The Cressa roadworks are still ongoing and have now over run. Trust contractors at your peril!
Instead we'll head down a country lane, which was once an important link between Jennai and the villages and towns of the north of Monte Calida. This road has existed for centuries, carrying travellers and traders to the north coast through the rocky mountains that split the island down the middle. But now, a modern motorway has destroyed hundreds of years of travel and the communities that relied on this trade route for their livelihood. One of these, is Errosan.
Errosan was a humble hamlet, with a small wind turbine on the hill providing the electricity that its residents needed. Now it sits abandoned, with the wind running through the blades harmlessly. Not an ounce of power trickles into the houses anymore.

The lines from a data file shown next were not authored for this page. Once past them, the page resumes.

(* Let $(G,H)$ be a discrete Hecke pair which has a finite generating set $S$. If $(G,H)$ is of subexponential growth (with respect to a length function $l$ on $(G,H)$), then $(G,H)$ is relatively unimodular, i.e. $L(g)=R(g)$ for all $g\in G$.
   Context: A discrete Hecke pair is a group $G$ with a subgroup $H$ such that $L(x):=[H:H\cap xHx^{-1}]<\infty$ for all $x$; $R(x):=L(x^{-1})$; relatively unimodular means $L(g)/R(g)=1$ for all $g$. $S\subseteq G$ generates $(G,H)$ if $H\backslash G=\bigcup_nH\hat S^n$, $\hat S=S\cup S^{-1}\cup\{e\}$. A length function on $(G,H)$ is $l:G\to[0,\infty)$ with $l(e)=0$, $l(g)=l(g^{-1})$, $l(gh)\le l(g)+l(h)$ and $l|_H=0$; its growth function is $\mathcal G_l(r)=\#\{Hx\in H\backslash G: l(x)\le r\}$, and $(G,H)$ has subexponential growth with respect to $l$ if $\mathcal G_l(r)<\infty$ for all $r$ and $\lim_{r\to\infty}\frac{\ln\mathcal G_l(r)}{r}=0$. *)

theory Defs
  imports "HOL-Analysis.Analysis" "HOL-Algebra.Algebra"
begin

definition conj_set :: "('a, 'b) monoid_scheme \<Rightarrow> 'a \<Rightarrow> 'a set \<Rightarrow> 'a set" where
  "conj_set G x H = (\<lambda>h. x \<otimes>\<^bsub>G\<^esub> h \<otimes>\<^bsub>G\<^esub> inv\<^bsub>G\<^esub> x) ` H"

definition hecke_cosets :: "('a, 'b) monoid_scheme \<Rightarrow> 'a set \<Rightarrow> 'a \<Rightarrow> 'a set set" where
  "hecke_cosets G H x = rcosets\<^bsub>G\<lparr>carrier := H\<rparr>\<^esub> (H \<inter> conj_set G x H)"

definition hecke_L :: "('a, 'b) monoid_scheme \<Rightarrow> 'a set \<Rightarrow> 'a \<Rightarrow> nat" where
  "hecke_L G H x = card (hecke_cosets G H x)"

Even the lifeblood of the hamlet has dried up and closed now. Errosan was the only village with a petrol station for dozens of miles and its owners grew wealthy off the trade and tourism that it bought in. They've all left now - the pumps are coated in dust and there's not a car in sight.
For as long as anyone's great-grandmother could remember the village had been a bustling thoroughfare. It didn't rely, like the villages of Lessito in the western valleys, on farming and tourists for its livelihood. Even twenty years ago, the hamlet was busy with traffic and people and life. So what changed?
The village was reliant on the road. But when Monte Calida's M5 motorway was completed in 1994, the traffic was diverted to the state-of-the-art new fast road and very few cars ever drove through Errosan any more.
As time passed, the businesses closed and the people left. Now, nothing remains but the relics of a bygone era. All you need from this hamlet any more is a map out.